Uniqueness of the minimizer for a random nonlocal functional with double-well potential in $d\le2$

TL;DR

This paper proves that for a class of nonlocal energy functionals with double-well potentials, the introduction of randomness ensures the uniqueness of minimizers in certain dimensions and fractional orders, contrasting with the deterministic case.

Contribution

The paper demonstrates that randomness induces uniqueness of minimizers for a nonlocal functional with double-well potential in specific dimensions and fractional orders.

Findings

Almost sure uniqueness of minimizers as domain expands.

Randomness breaks the symmetry of multiple minimizers.

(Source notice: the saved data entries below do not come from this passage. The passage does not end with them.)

lemma refine_piece:
  assumes e: "e > 0"
  shows "\<exists>vs. concat vs = v \<and> (\<forall>x\<in>set vs. x \<noteq> []) \<and> length vs \<le> 3 \<and>
    energy (test_words k L) v + e^3 / 4 * (if regular k e L v then 0 else real (length v))
      - refinement_loss e k L \<le> partition_energy (test_words k L) vs"
proof (cases "regular k e L v \<or> real (length v) < split_length e L")
  case True
  have "e^3 / 4 * (if regular k e L v then 0 else real (length v)) \<le> e^3 / 4 * split_length e L"
  proof (cases "regular k e L v")
    case False
    then have "real (length v) \<le> split_length e L" using True by simp
    then show ?thesis using e False by simp
  qed (use e split_length_nonneg[OF e, of L] in simp)
  moreover have "0 \<le> 4 * real L * real (card (test_words k L))" by simp
  ultimately have "energy (test_words k L) v + e^3 / 4 * (if regular k e L v then 0 else real (length v))
      - refinement_loss e k L \<le> energy (test_words k L) v"
    unfolding refinement_loss_def by linarith
  moreover have "partition_energy (test_words k L) (filter (\<lambda>x. x \<noteq> []) [v]) = energy (test_words k L) v"
    unfolding partition_energy_remove_Nil by (simp add: partition_energy_def)
  ultimately show ?thesis
    by (intro exI[of _ "filter (\<lambda>x. x \<noteq> []) [v]"]) simp
next
  case False
  then have irr: "\<not> regular k e L v" and long: "split_length e L \<le> real (length v)" by auto
  then obtain a b d where v: "v = a @ b @ d" and gain:
    "energy (test_words k L) v + e^3 / 4 * real (length v) - 4 * real L * real (card (test_words k L))
      \<le> energy (test_words k L) a + energy (test_words k L) b + energy (test_words k L) d"
    using irregular_split_energy_gain[OF e irr long] by blast
  have "0 \<le> e^3 / 4 * split_length e L" using e split_length_nonneg[OF e, of L] by simp
  then have "energy (test_words k L) v + e^3 / 4 * (if regular k e L v then 0 else real (length v))
      - refinement_loss e k L
    \<le> energy (test_words k L) a + energy (test_words k L) b + energy (test_words k L) d"
    using irr gain unfolding refinement_loss_def by simp
  moreover have "partition_energy (test_words k L) (filter (\<lambda>x. x \<noteq> []) [a, b, d])
      = energy (test_words k L) a + energy (test_words k L) b + energy (test_words k L) d"
    unfolding partition_energy_remove_Nil by (simp add: partition_energy_def)
  moreover have "length (filter (\<lambda>x. x \<noteq> []) [a, b, d]) \<le> 3"
    by (rule order_trans[OF length_filter_le]) simp
  moreover have "concat (filter (\<lambda>x. x \<noteq> []) [a, b, d]) = v"
    using v by simp
  ultimately show ?thesis
    by (intro exI[of _ "filter (\<lambda>x. x \<noteq> []) [a, b, d]"]) simp
qed

lemma refine_partition:
  assumes e: "e > 0"
  shows "\<exists>ws'. concat ws' = concat ws \<and> (\<forall>x\<in>set ws'. x \<noteq> []) \<and> length ws' \<le> 3 * length ws \<and>
    partition_energy (test_words k L) ws
      + e^3 / 4 * real (\<Sum>v\<leftarrow>filter (\<lambda>v. \<not> regular k e L v) ws. length v)
      - refinement_loss e k L * real (length ws)
    \<le> partition_energy (test_words k L) ws'"
proof (induct ws)
  case Nil
  show ?case by (intro exI[of _ "[]"]) (simp add: partition_energy_def)
next
  case (Cons v ws)
  then obtain ws' where ws': "concat ws' = concat ws" "\<forall>x\<in>set ws'. x \<noteq> []"
    "length ws' \<le> 3 * length ws"
    "partition_energy (test_words k L) ws
      + e^3 / 4 * real (\<Sum>v\<leftarrow>filter (\<lambda>v. \<not> regular k e L v) ws. length v)
      - refinement_loss e k L * real (length ws) \<le> partition_energy (test_words k L) ws'"
    by blast
  obtain vs where vs: "concat vs = v" "\<forall>x\<in>set vs. x \<noteq> []" "length vs \<le> 3"
    "energy (test_words k L) v + e^3 / 4 * (if regular k e L v then 0 else real (length v))
      - refinement_loss e k L \<le> partition_energy (test_words k L) vs"
    using refine_piece[OF e] by blast
  have "real (\<Sum>v\<leftarrow>filter (\<lambda>v. \<not> regular k e L v) (v # ws). length v)
      = (if regular k e L v then 0 else real (length v))
        + real (\<Sum>v\<leftarrow>filter (\<lambda>v. \<not> regular k e L v) ws. length v)"
    by simp
  moreover have "partition_energy (test_words k L) (v # ws)
      = energy (test_words k L) v + partition_energy (test_words k L) ws"
    by (simp add: partition_energy_def)
  moreover have "refinement_loss e k L * real (length (v # ws))
      = refinement_loss e k L + refinement_loss e k L * real (length ws)"
    by (simp add: algebra_simps)
  moreover have "partition_energy (test_words k L) (vs @ ws')
      = partition_energy (test_words k L) vs + partition_energy (test_words k L) ws'"
    by (rule partition_energy_append)
  ultimately have "partition_energy (test_words k L) (v # ws)
      + e^3 / 4 * real (\<Sum>v\<leftarrow>filter (\<lambda>v. \<not> regular k e L v) (v # ws). length v)
      - refinement_loss e k L * real (length (v # ws))
    \<le> partition_energy (test_words k L) (vs @ ws')"
    using vs(4) ws'(4) by (simp only: distrib_left)
  moreover have "concat (vs @ ws') = concat (v # ws)" "\<forall>x\<in>set (vs @ ws'). x \<noteq> []"
    "length (vs @ ws') \<le> 3 * length (v # ws)"
    using vs(1-3) ws'(1-3) by auto
  ultimately show ?case by blast
qed

lemma refinement_iteration:
  fixes P good :: "'b list \<Rightarrow> bool" and E :: "'b list \<Rightarrow> real"
  assumes start: "P xs0" "length xs0 \<le> 1" "0 \<le> E xs0"
    and step: "\<And>xs. P xs \<Longrightarrow> length xs \<le> 3^J \<Longrightarrow> \<not> good xs \<Longrightarrow>
      \<exists>ys. P ys \<and> length ys \<le> 3 * length xs \<and> E xs + \<delta> \<le> E ys"
  shows "\<exists>xs. P xs \<and> length xs \<le> 3^J \<and> (good xs \<or> real J * \<delta> \<le> E xs)"
proof -
  have "\<exists>xs. P xs \<and> length xs \<le> 3^j \<and> (good xs \<or> real j * \<delta> \<le> E xs)" if "j \<le> J" for j
    using that
  proof (induction j)
    case 0
    then show ?case using start by auto
  next
    case (Suc j)
    then obtain xs where xs: "P xs" "length xs \<le> 3^j" "good xs \<or> real j * \<delta> \<le> E xs"
      by auto
    show ?case
    proof (cases "good xs")
      case True
      then show ?thesis using xs by (intro exI[of _ xs]) auto
    next
      case False
      have "(3::nat)^j \<le> 3^J" using Suc.prems by (intro power_increasing) auto
      then have "length xs \<le> 3^J" using xs(2) by linarith
      then obtain ys where "P ys" "length ys \<le> 3 * length xs" "E xs + \<delta> \<le> E ys"
        using step[OF xs(1) _ False] by blast
      then show ?thesis using xs False by (intro exI[of _ ys]) (auto simp: algebra_simps)
    qed
  qed
  then show ?thesis by blast
qed

lemma refine_partition_energy_increment:
  assumes e: "e > 0"
    and loss: "refinement_loss e k L * 3^J \<le> e^4 * n / 8"
    and ws: "length ws \<le> 3^J" "e * n < real (\<Sum>v\<leftarrow>filter (\<lambda>v. \<not> regular k e L v) ws. length v)"
  shows "\<exists>ws'. concat ws' = concat ws \<and> (\<forall>x\<in>set ws'. x \<noteq> []) \<and> length ws' \<le> 3 * length ws \<and>
    partition_energy (test_words k L) ws + e^4 * n / 8 \<le> partition_energy (test_words k L) ws'"
proof -
  obtain ws' where ws': "concat ws' = concat ws" "\<forall>x\<in>set ws'. x \<noteq> []" "length ws' \<le> 3 * length ws"
    "partition_energy (test_words k L) ws
      + e^3 / 4 * real (\<Sum>v\<leftarrow>filter (\<lambda>v. \<not> regular k e L v) ws. length v)
      - refinement_loss e k L * real (length ws) \<le> partition_energy (test_words k L) ws'"
    using refine_partition[OF e, where ws = ws] by blast
  have "e^4 * n / 4 = e^3 / 4 * (e * n)" by (simp add: power_numeral_reduce)
  also have "\<dots> \<le> e^3 / 4 * real (\<Sum>v\<leftarrow>filter (\<lambda>v. \<not> regular k e L v) ws. length v)"
    using ws(2) e by (intro mult_left_mono) auto
  finally have gain: "e^4 * n / 4 \<le> \<dots>" .
  have "0 \<le> refinement_loss e k L"
    using split_length_nonneg[OF e, of L] e unfolding refinement_loss_def by simp
  then have "refinement_loss e k L * real (length ws) \<le> refinement_loss e k L * 3^J"
    using ws(1) by (intro mult_left_mono) (auto simp flip: of_nat_power)
  then have "partition_energy (test_words k L) ws + e^4 * n / 8 \<le> partition_energy (test_words k L) ws'"
    using ws'(4) gain loss by linarith
  then show ?thesis using ws'(1-3) by blast
qed

lemma partition_with_small_irregular_mass:
  fixes w :: "nat list"
  assumes e: "e > 0"
    and J: "real (card (test_words k L)) < real J * e^4 / 8"
    and w: "refinement_loss e k L * 3^J \<le> e^4 * real (length w) / 8"
  shows "\<exists>ws. concat ws = w \<and> (\<forall>v\<in>set ws. v \<noteq> []) \<and> length ws \<le> 3^J \<and>
    real (\<Sum>v\<leftarrow>filter (\<lambda>v. \<not> regular k e L v) ws. length v) \<le> e * real (length w)"
proof (cases "w = []")
  case True
  then show ?thesis by (intro exI[of _ "[]"]) simp
next
  case False
  define n where "n = real (length w)"
  have n: "0 < n" using False unfolding n_def by simp
  define P where "P ws \<longleftrightarrow> concat ws = w \<and> (\<forall>v\<in>set ws. v \<noteq> [])" for ws :: "nat list list"
  define good where
    "good ws \<longleftrightarrow> real (\<Sum>v\<leftarrow>filter (\<lambda>v. \<not> regular k e L v) ws. length v) \<le> e * n" for ws
  let ?E = "partition_energy (test_words k L)"
  have "\<exists>ys. P ys \<and> length ys \<le> 3 * length xs \<and> ?E xs + e^4 * n / 8 \<le> ?E ys"
    if "P xs" "length xs \<le> 3^J" "\<not> good xs" for xs
    using refine_partition_energy_increment[OF e w[folded n_def], of xs] that
    unfolding P_def good_def by auto
  moreover have "P [w]" "length [w] \<le> 1" "0 \<le> ?E [w]"
    using False energy_nonneg unfolding P_def partition_energy_def by auto
  ultimately obtain xs where
    xs: "P xs" "length xs \<le> 3^J" "good xs \<or> real J * (e^4 * n / 8) \<le> ?E xs"
    using refinement_iteration[of P "[w]" ?E J good "e^4 * n / 8"] by blast
  have "concat xs = w" using xs(1) unfolding P_def by simp
  then have "?E xs \<le> real (card (test_words k L)) * n"
    using partition_energy_le_card_mult_length[OF finite_test_words, where ws = xs]
    unfolding n_def by simp
  also have "\<dots> < real J * (e^4 * n / 8)"
    using mult_strict_right_mono[OF J n] by (simp add: algebra_simps)
  finally have "good xs" using xs(3) by linarith
  then show ?thesis using xs(1,2) unfolding P_def good_def n_def by blast
qed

Deterministic case admits two translation-invariant minimizers.

Abstract

We consider a small random perturbation of the energy functional $$ [u]^2_{H^s(\Lambda, R^d)} + \int_\Lambda W(u(x)) dx $$ for $s \in (0,1),$ where the non-local part $ [u]^2_{H^s(\Lambda,R^d)}$ denotes the total contribution from $\Lambda \subset R^d$ in the $H^s (R^d)$ Gagliardo semi-norm of $u$ and $W$ is a double well potential. We show that there exists, as $\Lambda $ invades $ R^d$, for almost all realizations of the random term a minimizer under compact perturbations, which is unique when $d=2$, $s \in (\frac 12,1)$ and when $d=1$, $s \in [\frac 14, 1).$ This uniqueness is a consequence of the randomness. When the random term is absent, there are two minimizers which are invariant under translations in space, $u = \pm 1$.